Ruth Weiner, publicity director for Seven Stories Press, has been on the receiving end of rightwing animus. “Sometimes it’s just two, three, or four vocal people who control ten different media feeds, and they activate all of them at once in protest,” she says.
Most recently, the 2008 picture book 10,000 Dresses, by Marcus Ewart, about a child whose family insists that boys can’t wear dresses, has come to the right’s attention. “It’s disheartening for us and for our writers when a book is targeted,” Weiner says. “But it comes in waves. A group gets wind of a book and there’s a call out. It will explode on Facebook, Instagram, TikTok, or Twitter for a few weeks or so. We try to ignore it and block the senders.”
“The right acts as if books are being shoved on children when, in fact, young people are choosing to read books about LGBTQIA+ identity and racism and finding affirmation in seeing themselves reflected in someone else’s story.”
This, she adds, typically causes the protesters to turn their attention elsewhere. A frequent target: the growing spate of books about trans identity and gender diversity that serve as reliable outrage generators for those threatened by defiance of a rigid male-female binary.
Winter Miller, author of the just-released children’s book Not a Cat—which features a presumed cat, Gato, who ponders whether he might also be a bunny, cow, duck, horse, or human—says that books telling readers that “it is okay for you to be you, to be who you are meant to be and not be boxed in by gender expectations, can be unsettling for some people.”
But this is not new. “The right wing has been going ape-shit for a long time,” Miller says. “Remember Anita Bryant’s homophobic Save Our Children campaign? It launched in 1977.”
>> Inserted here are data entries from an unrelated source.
(* $\mathbf{K}^{\nabla\bullet}$ is sound and strongly complete with respect to the class of all frames: for every set $\Gamma\cup\{\phi\}\subseteq\mathcal{L}(\nabla,\bullet)$, $\Gamma\vdash_{\mathbf{K}^{\nabla\bullet}}\phi$ iff for every Kripke model $\mathcal{M}$ and state $s$, if $\mathcal{M},s\vDash\Gamma$ then $\mathcal{M},s\vDash\phi$.
   Context: $\mathcal{L}(\nabla,\bullet)$: $\phi::=p\mid\neg\phi\mid\phi\land\phi\mid\nabla\phi\mid\bullet\phi$ over a nonempty set $\mathbf{P}$ of propositional variables; $\Delta\phi:=\neg\nabla\phi$, $\circ\phi:=\neg\bullet\phi$. Kripke models $\langle S,R,V\rangle$ ($S\neq\emptyset$, $R\subseteq S\times S$, $V:\mathbf{P}\to\mathcal{P}(S)$): $s\vDash\nabla\phi$ iff there are $t,u$ with $sRt$, $sRu$, $t\vDash\phi$, $u\nvDash\phi$; $s\vDash\bullet\phi$ iff $s\vDash\phi$ and there is $t$ with $sRt$, $t\nvDash\phi$. The Hilbert system $\mathbf{K}^{\nabla\bullet}$ has axioms: A0 all propositional tautologies; A1 $\bullet\phi\to\phi$; A2 $\nabla\phi\leftrightarrow\nabla\neg\phi$; A3 $\bullet(\psi\to\phi)\land\phi\to\bullet\phi$; A4 $\nabla(\phi\land\psi)\to\nabla\phi\vee\nabla\psi$; A5 $\bullet(\phi\land\psi)\to\bullet\phi\vee\bullet\psi$; A6 $\nabla\phi\to\bullet\phi\vee\bullet\neg\phi$; A7 $\bullet(\phi\to\psi)\land\bullet(\neg\phi\to\chi)\to\nabla\phi$; rules R1 $\phi/\Delta\phi$; R2 $\phi/\circ\phi$; R3 $\phi\leftrightarrow\psi/\Delta\phi\leftrightarrow\Delta\psi$; R4 $\phi\leftrightarrow\psi/\circ\phi\leftrightarrow\circ\psi$; MP. $\Gamma\vdash\phi$ means $\vdash(\gamma_1\land\dots\land\gamma_n)\to\phi$ for some finite $\{\gamma_1,\dots,\gamma_n\}\subseteq\Gamma$. *)

theory Defs
  imports Main
begin

datatype 'p fm = Atom 'p | Neg "'p fm" | And "'p fm" "'p fm"
  | Nabla "'p fm" | Bullet "'p fm"

definition Imp :: "'p fm \<Rightarrow> 'p fm \<Rightarrow> 'p fm" where
  "Imp a b = Neg (And a (Neg b))"
definition Or :: "'p fm \<Rightarrow> 'p fm \<Rightarrow> 'p fm" where
  "Or a b = Neg (And (Neg a) (Neg b))"
definition Iff :: "'p fm \<Rightarrow> 'p fm \<Rightarrow> 'p fm" where
  "Iff a b = And (Imp a b) (Imp b a)"
definition Delta :: "'p fm \<Rightarrow> 'p fm" where
  "Delta a = Neg (Nabla a)"
definition Circ :: "'p fm \<Rightarrow> 'p fm" where
  "Circ a = Neg (Bullet a)"

fun peval :: "('p fm \<Rightarrow> bool) \<Rightarrow> 'p fm \<Rightarrow> bool" where
  "peval f (Atom p) = f (Atom p)"
| "peval f (Neg a) = (\<not> peval f a)"
| "peval f (And a b) = (peval f a \<and> peval f b)"
| "peval f (Nabla a) = f (Nabla a)"
| "peval f (Bullet a) = f (Bullet a)"

definition tautology :: "'p fm \<Rightarrow> bool" where
  "tautology a = (\<forall>f. peval f a)"

inductive derivable :: "'p fm \<Rightarrow> bool" where
  A0: "tautology a \<Longrightarrow> derivable a"
| A1: "derivable (Imp (Bullet a) a)"
| A2: "derivable (Iff (Nabla a) (Nabla (Neg a)))"
| A3: "derivable (Imp (And (Bullet (Imp b a)) a) (Bullet a))"
| A4: "derivable (Imp (Nabla (And a b)) (Or (Nabla a) (Nabla b)))"
| A5: "derivable (Imp (Bullet (And a b)) (Or (Bullet a) (Bullet b)))"
| A6: "derivable (Imp (Nabla a) (Or (Bullet a) (Bullet (Neg a))))"
| A7: "derivable (Imp (And (Bullet (Imp a b)) (Bullet (Imp (Neg a) c))) (Nabla a))"
| R1: "derivable a \<Longrightarrow> derivable (Delta a)"
| R2: "derivable a \<Longrightarrow> derivable (Circ a)"
| R3: "derivable (Iff a b) \<Longrightarrow> derivable (Iff (Delta a) (Delta b))"
| R4: "derivable (Iff a b) \<Longrightarrow> derivable (Iff (Circ a) (Circ b))"
| MP: "derivable (Imp a b) \<Longrightarrow> derivable a \<Longrightarrow> derivable b"

fun conjs :: "'p fm list \<Rightarrow> 'p fm" where
  "conjs [] = undefined"
| "conjs [g] = g"
| "conjs (g # gs) = And g (conjs gs)"

definition derives :: "'p fm set \<Rightarrow> 'p fm \<Rightarrow> bool" where
  "derives G a = (\<exists>gs. set gs \<subseteq> G \<and>
     ((gs = [] \<and> derivable a) \<or> (gs \<noteq> [] \<and> derivable (Imp (conjs gs) a))))"

definition kmodel :: "'s set \<Rightarrow> ('s \<times> 's) set \<Rightarrow> ('p \<Rightarrow> 's set) \<Rightarrow> bool" where
  "kmodel S R V = (S \<noteq> {} \<and> R \<subseteq> S \<times> S \<and> (\<forall>p. V p \<subseteq> S))"

fun sat :: "'s set \<Rightarrow> ('s \<times> 's) set \<Rightarrow> ('p \<Rightarrow> 's set) \<Rightarrow> 's \<Rightarrow> 'p fm \<Rightarrow> bool" where
  "sat S R V s (Atom p) = (s \<in> V p)"
| "sat S R V s (Neg a) = (\<not> sat S R V s a)"
| "sat S R V s (And a b) = (sat S R V s a \<and> sat S R V s b)"
| "sat S R V s (Nabla a) =
     (\<exists>t u. (s, t) \<in> R \<and> (s, u) \<in> R \<and> sat S R V t a \<and> \<not> sat S R V u a)"
| "sat S R V s (Bullet a) = (sat S R V s a \<and> (\<exists>t. (s, t) \<in> R \<and> \<not> sat S R V t a))"

definition conseq :: "'s itself \<Rightarrow> 'p fm set \<Rightarrow> 'p fm \<Rightarrow> bool" where
  "conseq _ G a = (\<forall>(S :: 's set) R (V :: 'p \<Rightarrow> 's set) s.
     kmodel S R V \<and> s \<in> S \<and> (\<forall>g\<in>G. sat S R V s g) \<longrightarrow> sat S R V s a)"

end

theory Submission
  imports Defs
begin

text \<open>Completeness uses a canonical model whose
  worlds are the maximal consistent sets, where m sees n iff n contains every formula boxed at m:
  the a with a \<and> \<circ>a (true and not accidentally so), and the a with \<Delta>a \<and> \<bullet>\<not>a (false here
  and true at some successor, yet non-contingent, hence true at every successor). Axioms A3--A7
  show that a true consequence of boxed formulas is never accidental, and that a false one is
  non-contingent as soon as some premise is of the second kind; with Lindenbaum's lemma this
  gives the truth lemma for \<nabla> and \<bullet>.\<close>

lemma peval_Imp [simp]: "peval f (Imp a b) = (peval f a \<longrightarrow> peval f b)"
  by (simp add: Imp_def)

lemma peval_Or [simp]: "peval f (Or a b) = (peval f a \<or> peval f b)"
  by (simp add: Or_def)

lemma peval_Iff [simp]: "peval f (Iff a b) = (peval f a \<longleftrightarrow> peval f b)"
  by (auto simp add: Iff_def)

fun impchain :: "'p fm list \<Rightarrow> 'p fm \<Rightarrow> 'p fm" where
  "impchain [] a = a"
| "impchain (g # gs) a = Imp g (impchain gs a)"

lemma peval_impchain [simp]:
  "peval f (impchain gs a) = ((\<forall>g\<in>set gs. peval f g) \<longrightarrow> peval f a)"
  by (induction gs) auto

lemma peval_conjs: "gs \<noteq> [] \<Longrightarrow> peval f (conjs gs) = (\<forall>g\<in>set gs. peval f g)"
  by (induction gs rule: conjs.induct) auto

definition Falsum :: "'p fm" where
  "Falsum = And (Atom undefined) (Neg (Atom undefined))"

lemma peval_Falsum [simp]: "\<not> peval f Falsum"
  by (simp add: Falsum_def)

lemma derivable_tautology: "(\<And>f. peval f a) \<Longrightarrow> derivable a"
  by (rule A0) (simp add: tautology_def)

lemma derivable_Iff_tautology: "(\<And>f. peval f a = peval f b) \<Longrightarrow> derivable (Iff a b)"
  by (rule derivable_tautology) simp

lemma derivable_taut_mp:
  "derivable a \<Longrightarrow> (\<And>f. peval f a \<Longrightarrow> peval f b) \<Longrightarrow> derivable b"
  by (rule MP[of a b]) (auto intro!: derivable_tautology)

lemma derivable_taut_mp2:
  assumes "derivable a" "derivable b" "\<And>f. peval f a \<Longrightarrow> peval f b \<Longrightarrow> peval f c"
  shows "derivable c"
proof -
  have "derivable (Imp b c)"
    using assms(1) by (rule derivable_taut_mp) (use assms(3) in auto)
  then show ?thesis using assms(2) by (rule MP)
qed

lemma derives_if_derivable_impchain:
  assumes "set gs \<subseteq> G" "derivable (impchain gs a)"
  shows "derives G a"
proof (cases "gs = []")
  case True
  then show ?thesis using assms by (auto simp: derives_def intro!: exI[of _ "[]"])
next
  case False
  have "derivable (Imp (conjs gs) a)"
    using assms(2) by (rule derivable_taut_mp) (simp add: peval_conjs[OF False])
  then show ?thesis using assms(1) False by (auto simp: derives_def)
qed

section \<open>Soundness\<close>

lemma sat_Imp [simp]: "sat S R V s (Imp a b) = (sat S R V s a \<longrightarrow> sat S R V s b)"
  by (simp add: Imp_def)

lemma sat_Or [simp]: "sat S R V s (Or a b) = (sat S R V s a \<or> sat S R V s b)"
  by (simp add: Or_def)

lemma sat_Iff [simp]: "sat S R V s (Iff a b) = (sat S R V s a \<longleftrightarrow> sat S R V s b)"
  by (auto simp add: Iff_def)

lemma sat_Delta [simp]: "sat S R V s (Delta a) = (\<not> sat S R V s (Nabla a))"
  by (simp add: Delta_def)

lemma sat_Circ [simp]: "sat S R V s (Circ a) = (\<not> sat S R V s (Bullet a))"
  by (simp add: Circ_def)

lemma peval_sat: "peval (sat S R V s) a = sat S R V s a"
  by (induction a) auto

lemma sat_conjs: "gs \<noteq> [] \<Longrightarrow> sat S R V s (conjs gs) = (\<forall>g\<in>set gs. sat S R V s g)"
  by (induction gs rule: conjs.induct) auto

lemma derivable_valid: "derivable a \<Longrightarrow> sat S R V s a"
proof (induction a arbitrary: s rule: derivable.induct)
  case (A0 a)
  then show ?case by (metis peval_sat tautology_def)
qed (auto; blast)+

lemma soundness: "derives G a \<Longrightarrow> conseq TYPE('s) G a"
  unfolding derives_def conseq_def by (metis derivable_valid sat_Imp sat_conjs subsetD)

section \<open>Maximal consistent sets\<close>

definition consistent :: "'p fm set \<Rightarrow> bool" where
  "consistent G = (\<nexists>gs. set gs \<subseteq> G \<and> derivable (impchain gs Falsum))"

definition mcs :: "'p fm set \<Rightarrow> bool" where
  "mcs m = (consistent m \<and> (\<forall>a. a \<in> m \<or> Neg a \<in> m))"

lemma inconsistent_insertE:
  assumes "\<not> consistent (insert a G)"
  obtains gs where "set gs \<subseteq> G" "derivable (impchain gs (Neg a))"
proof -
  obtain gs where gs: "set gs \<subseteq> insert a G" "derivable (impchain gs Falsum)"
    using assms by (auto simp: consistent_def)
  show thesis
  proof
    show "set (filter (\<lambda>g. g \<noteq> a) gs) \<subseteq> G" using gs(1) by auto
    show "derivable (impchain (filter (\<lambda>g. g \<noteq> a) gs) (Neg a))"
      using gs(2) by (rule derivable_taut_mp) auto
  qed
qed

lemma inconsistent_insert_NegE:
  assumes "\<not> consistent (insert (Neg a) G)"
  obtains gs where "set gs \<subseteq> G" "derivable (impchain gs a)"
proof -
  obtain gs where gs: "set gs \<subseteq> G" "derivable (impchain gs (Neg (Neg a)))"
    using assms by (rule inconsistent_insertE)
  have "derivable (impchain gs a)" using gs(2) by (rule derivable_taut_mp) simp
  with gs(1) show thesis by (rule that)
qed

lemma consistent_Union_chain:
  assumes "C \<noteq> {}" "subset.chain {H. consistent H} C"
  shows "consistent (\<Union>C)"
  unfolding consistent_def
proof
  assume "\<exists>gs. set gs \<subseteq> \<Union>C \<and> derivable (impchain gs Falsum)"
  then obtain gs where gs: "set gs \<subseteq> \<Union>C" "derivable (impchain gs Falsum)" by blast
  obtain B where "B \<in> C" "set gs \<subseteq> B"
    using finite_subset_Union_chain[OF _ gs(1) assms] by auto
  moreover have "consistent B" using \<open>B \<in> C\<close> assms(2) by (auto simp: subset_chain_def)
  ultimately show False using gs(2) unfolding consistent_def by blast
qed

lemma maximal_consistent_is_mcs:
  assumes M: "consistent M" and max: "\<And>X. consistent X \<Longrightarrow> M \<subseteq> X \<Longrightarrow> X = M"
  shows "mcs M"
proof -
  have "a \<in> M \<or> Neg a \<in> M" for a
  proof (rule ccontr)
    assume a: "\<not> (a \<in> M \<or> Neg a \<in> M)"
    have "\<not> consistent (insert b M)" if "b \<notin> M" for b
      using max[of "insert b M"] that by blast
    then have "\<not> consistent (insert a M)" "\<not> consistent (insert (Neg a) M)" using a by simp_all
    obtain gs1 where gs1: "set gs1 \<subseteq> M" "derivable (impchain gs1 (Neg a))"
      using \<open>\<not> consistent (insert a M)\<close> by (rule inconsistent_insertE)
    obtain gs2 where gs2: "set gs2 \<subseteq> M" "derivable (impchain gs2 a)"
      using \<open>\<not> consistent (insert (Neg a) M)\<close> by (rule inconsistent_insert_NegE)
    have "derivable (impchain (gs1 @ gs2) Falsum)"
      using gs1(2) gs2(2) by (rule derivable_taut_mp2) auto
    moreover have "set (gs1 @ gs2) \<subseteq> M" using gs1(1) gs2(1) by simp
    ultimately show False using M unfolding consistent_def by blast
  qed
  then show ?thesis using M by (simp add: mcs_def)
qed

lemma not_derivable_Falsum: "\<not> derivable (Falsum :: 'p fm)"
proof
  assume "derivable (Falsum :: 'p fm)"
  from derivable_valid[OF this, of "{()}" "{}" "\<lambda>_. {}" "()"] show False
    by (simp add: Falsum_def)
qed

lemma consistent_empty: "consistent {}"
  using not_derivable_Falsum by (simp add: consistent_def)
(* Let $n\in\mathbb{N}\cup\{0\}$, $0\le i\le n-1$ and $\alpha>-1$. Let $t_1<\dots<t_n$ be the zeros of $L_n^{(\alpha)}$. Then $$\int_0^\infty\frac{t^i}{i!}|\ell_n^{(\alpha)}(t)|\,dt=2\sum_{m=1}^n(-1)^{m+1}\sum_{k=0}^i\frac{(-1)^k}{(i-k)!}\,t_m^{i-k}\,\ell_{n-1-k}^{(\alpha+1+k)}(t_m).$$
   Context: The generalized Laguerre polynomials are $L_n^{(\alpha)}(t)=\sum_{k=0}^n(-1)^k\binom{n+\alpha}{n-k}\frac{t^k}{k!}$, and the Laguerre functions are $\ell_n^{(\alpha)}(t)=\frac{n!}{\Gamma(n+\alpha+1)}t^{\alpha}e^{-t}L_n^{(\alpha)}(t)$ for $t>0$. For $\alpha>-1$ the zeros of $L_n^{(\alpha)}$ are real, simple and positive. *)

theory Defs
  imports "HOL-Analysis.Analysis"
begin

definition laguerre :: "nat \<Rightarrow> real \<Rightarrow> real \<Rightarrow> real" where
  "laguerre n \<alpha> t = (\<Sum>k=0..n. (-1)^k * ((real n + \<alpha>) gchoose (n - k)) * t^k / fact k)"

definition laguerre_fun :: "nat \<Rightarrow> real \<Rightarrow> real \<Rightarrow> real" where
  "laguerre_fun n \<alpha> t = fact n / Gamma (real n + \<alpha> + 1) * t powr \<alpha> * exp (- t) * laguerre n \<alpha> t"

end

theory Submission
  imports Defs "HOL-Real_Asymp.Real_Asymp" "HOL-Computational_Algebra.Polynomial"
begin

(* Differentiating the coefficient formula shows (l_p^(b+1))' = l_(p+1)^(b), so with a telescoping
   sum the function F(t) = sum_(k<=i) (-1)^k t^(i-k)/(i-k)! l_(n-1-k)^(a+1+k)(t) is a primitive
   of t^i/i! l_n^(a)(t) on (0, oo) that vanishes at 0+ and at oo. Writing L_n^(a) as its leading
   coefficient times the product of (t - t_m), positivity of L_n^(a)(0) shows that
   |l_n^(a)| = (-1)^j l_n^(a) between consecutive nodes t_j < t_(j+1), where t_0 = 0 and
   t_(n+1) = oo. Integrating over each such interval and summing gives the alternating sum
   sum_j (-1)^j (F(t_(j+1)) - F(t_j)) = 2 sum_m (-1)^(m+1) F(t_m). *)

lemma gbinomial_pos:
  fixes a :: real
  assumes "real k < a + 1"
  shows "0 < a gchoose k"
  unfolding gbinomial_pochhammer' using assms by (intro divide_pos_pos pochhammer_pos) auto

lemma Suc_times_gbinomial_Suc:
  "of_nat (Suc k) * (a gchoose Suc k) = (a - of_nat k) * (a gchoose k :: 'a :: field_char_0)"
  using gbinomial_mult_1[of a k] by (simp add: algebra_simps)

definition laguerre_poly :: "nat \<Rightarrow> real \<Rightarrow> real poly" where
  "laguerre_poly n \<alpha> = (\<Sum>k\<le>n. monom ((-1)^k * ((real n + \<alpha>) gchoose (n - k)) / fact k) k)"

lemma coeff_laguerre_poly:
  "coeff (laguerre_poly n \<alpha>) k =
     (if k \<le> n then (-1)^k * ((real n + \<alpha>) gchoose (n - k)) / fact k else 0)"
  by (simp add: laguerre_poly_def coeff_sum coeff_monom)

lemma poly_laguerre_poly: "poly (laguerre_poly n \<alpha>) x = laguerre n \<alpha> x"
  by (simp add: laguerre_poly_def laguerre_def poly_sum poly_monom atLeast0AtMost mult_ac)

lemma degree_laguerre_poly: "degree (laguerre_poly n \<alpha>) \<le> n"
  unfolding laguerre_poly_def
  by (intro degree_sum_le) (auto intro: order.trans[OF degree_monom_le])

lemma laguerre_pos_nonpos:
  assumes "\<alpha> > -1" "x \<le> 0"
  shows "laguerre n \<alpha> x > 0"
  unfolding laguerre_def
proof (rule sum_pos2[where i=0])
  show "0 < (-1) ^ 0 * ((real n + \<alpha>) gchoose (n - 0)) * x ^ 0 / fact 0"
    using gbinomial_pos[of n "real n + \<alpha>"] assms(1) by simp
  fix k assume "k \<in> {0..n}"
  then have "0 \<le> ((real n + \<alpha>) gchoose (n - k)) * (-x) ^ k / fact k"
    using gbinomial_pos[of "n - k" "real n + \<alpha>"] assms
    by (intro divide_nonneg_pos mult_nonneg_nonneg zero_le_power) auto
  then show "0 \<le> (-1) ^ k * ((real n + \<alpha>) gchoose (n - k)) * x ^ k / fact k"
    by (simp add: power_minus' mult_ac)
qed auto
Nonetheless, Miller notes several things that differentiate today’s attacks on queer writers and queer-affirming books from previous campaigns. “Social media allows people to aggregate their hate more easily,” she says. “The right has also been emboldened by the anti-mask, anti-vax response to COVID. This unifying call to arms has now pivoted to schools and libraries” and works in concert with movements to oppose abortion, gun control, school-based sex education, affirmative action, and critical race theory.
Caldwell-Stone agrees with Miller’s assessment. Yet she is also heartened by growing initiatives to combat book bans and censorship, from banned-book reading groups to community read-ins and more conventional protests.
“We’ve seen that when people stand up at a school or library board meeting and oppose book removals, it is much less likely that books will be taken off the shelves,” she says. “When students testify about how specific books have helped them find a way forward, helped them feel less frightened or alone, or helped them deal with a struggling friend, it’s moved people to consider what removals actually mean. The right acts as if books are being shoved on children when, in fact, young people are choosing to read books about LGBTQIA+ identity and racism and finding affirmation in seeing themselves reflected in someone else’s story.”
Groups that are fighting book bans, Caldwell-Stone notes, include Red, Wine, and Blue, FReadom Fighters, and the American Library Assocation’s Unite Against Book Bans and Freedom to Read Foundation.
Additionally, both the New York Public Library and the Brooklyn Public Library have launched programs to allow anyone over the age of thirteen, in any part of the country, to access no-cost eBook or audiobook versions of many banned titles.
Response is expected to be brisk since most Americans oppose bans and censorship. According to an American Library Association poll conducted earlier this year, 71 percent of those queried said that they were against removing books from public or school libraries. Among parents, 74 percent told researchers that they trust librarians to know which books to suggest for classroom or out-of-school use. This, Caldwell-Stone adds, cuts across party lines, with 75 percent of Democrats and 70 percent of Republicans supporting broad access to materials.
“Libraries do not make choices for readers,” she says. “They provide access to works that appeal to a wide reading audience. If parents want to steer their kids away from particular materials, they can do so.”